[Activity]
Quote all of the data below exactly, please.

[Excerpted data]
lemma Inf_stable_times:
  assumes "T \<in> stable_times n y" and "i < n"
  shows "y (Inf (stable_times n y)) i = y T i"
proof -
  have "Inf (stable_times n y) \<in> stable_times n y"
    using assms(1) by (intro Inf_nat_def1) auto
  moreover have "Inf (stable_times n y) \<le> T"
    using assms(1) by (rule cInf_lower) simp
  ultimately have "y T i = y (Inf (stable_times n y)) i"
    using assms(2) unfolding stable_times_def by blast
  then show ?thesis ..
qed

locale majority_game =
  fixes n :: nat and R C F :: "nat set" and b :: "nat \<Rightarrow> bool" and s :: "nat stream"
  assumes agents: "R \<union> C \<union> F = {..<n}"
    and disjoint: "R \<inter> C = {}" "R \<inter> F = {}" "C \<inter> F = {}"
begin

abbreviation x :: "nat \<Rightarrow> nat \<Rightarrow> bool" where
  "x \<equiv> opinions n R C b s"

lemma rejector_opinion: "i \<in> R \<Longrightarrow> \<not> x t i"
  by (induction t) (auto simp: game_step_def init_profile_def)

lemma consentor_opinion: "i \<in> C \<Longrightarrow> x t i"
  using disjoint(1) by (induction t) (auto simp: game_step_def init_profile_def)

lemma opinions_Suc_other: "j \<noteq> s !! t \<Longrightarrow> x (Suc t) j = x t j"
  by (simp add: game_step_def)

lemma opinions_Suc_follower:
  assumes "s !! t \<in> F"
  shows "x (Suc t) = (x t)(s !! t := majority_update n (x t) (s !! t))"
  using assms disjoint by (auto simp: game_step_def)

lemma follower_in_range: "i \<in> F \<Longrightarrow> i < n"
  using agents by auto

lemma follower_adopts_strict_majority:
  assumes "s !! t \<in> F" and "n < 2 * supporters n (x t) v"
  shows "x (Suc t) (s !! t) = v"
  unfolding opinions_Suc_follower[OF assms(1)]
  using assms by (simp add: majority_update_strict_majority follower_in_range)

[Response below]
lemma Inf_stable_times:
  assumes "T \<in> stable_times n y" and "i < n"
  shows "y (Inf (stable_times n y)) i = y T i"
proof -
  have "Inf (stable_times n y) \<in> stable_times n y"
    using assms(1) by (intro Inf_nat_def1) auto
  moreover have "Inf (stable_times n y) \<le> T"
    using assms(1) by (rule cInf_lower) simp
  ultimately have "y T i = y (Inf (stable_times n y)) i"
    using assms(2) unfolding stable_times_def by blast
  then show ?thesis ..
qed

locale majority_game =
  fixes n :: nat and R C F :: "nat set" and b :: "nat \<Rightarrow> bool" and s :: "nat stream"
  assumes agents: "R \<union> C \<union> F = {..<n}"
    and disjoint: "R \<inter> C = {}" "R \<inter> F = {}" "C \<inter> F = {}"
begin

abbreviation x :: "nat \<Rightarrow> nat \<Rightarrow> bool" where
  "x \<equiv> opinions n R C b s"

lemma rejector_opinion: "i \<in> R \<Longrightarrow> \<not> x t i"
  by (induction t) (auto simp: game_step_def init_profile_def)

lemma consentor_opinion: "i \<in> C \<Longrightarrow> x t i"
  using disjoint(1) by (induction t) (auto simp: game_step_def init_profile_def)

lemma opinions_Suc_other: "j \<noteq> s !! t \<Longrightarrow> x (Suc t) j = x t j"
  by (simp add: game_step_def)

lemma opinions_Suc_follower:
  assumes "s !! t \<in> F"
  shows "x (Suc t) = (x t)(s !! t := majority_update n (x t) (s !! t))"
  using assms disjoint by (auto simp: game_step_def)

lemma follower_in_range: "i \<in> F \<Longrightarrow> i < n"
  using agents by auto

lemma follower_adopts_strict_majority:
  assumes "s !! t \<in> F" and "n < 2 * supporters n (x t) v"
  shows "x (Suc t) (s !! t) = v"
  unfolding opinions_Suc_follower[OF assms(1)]
  using assms by (simp add: majority_update_strict_majority follower_in_range)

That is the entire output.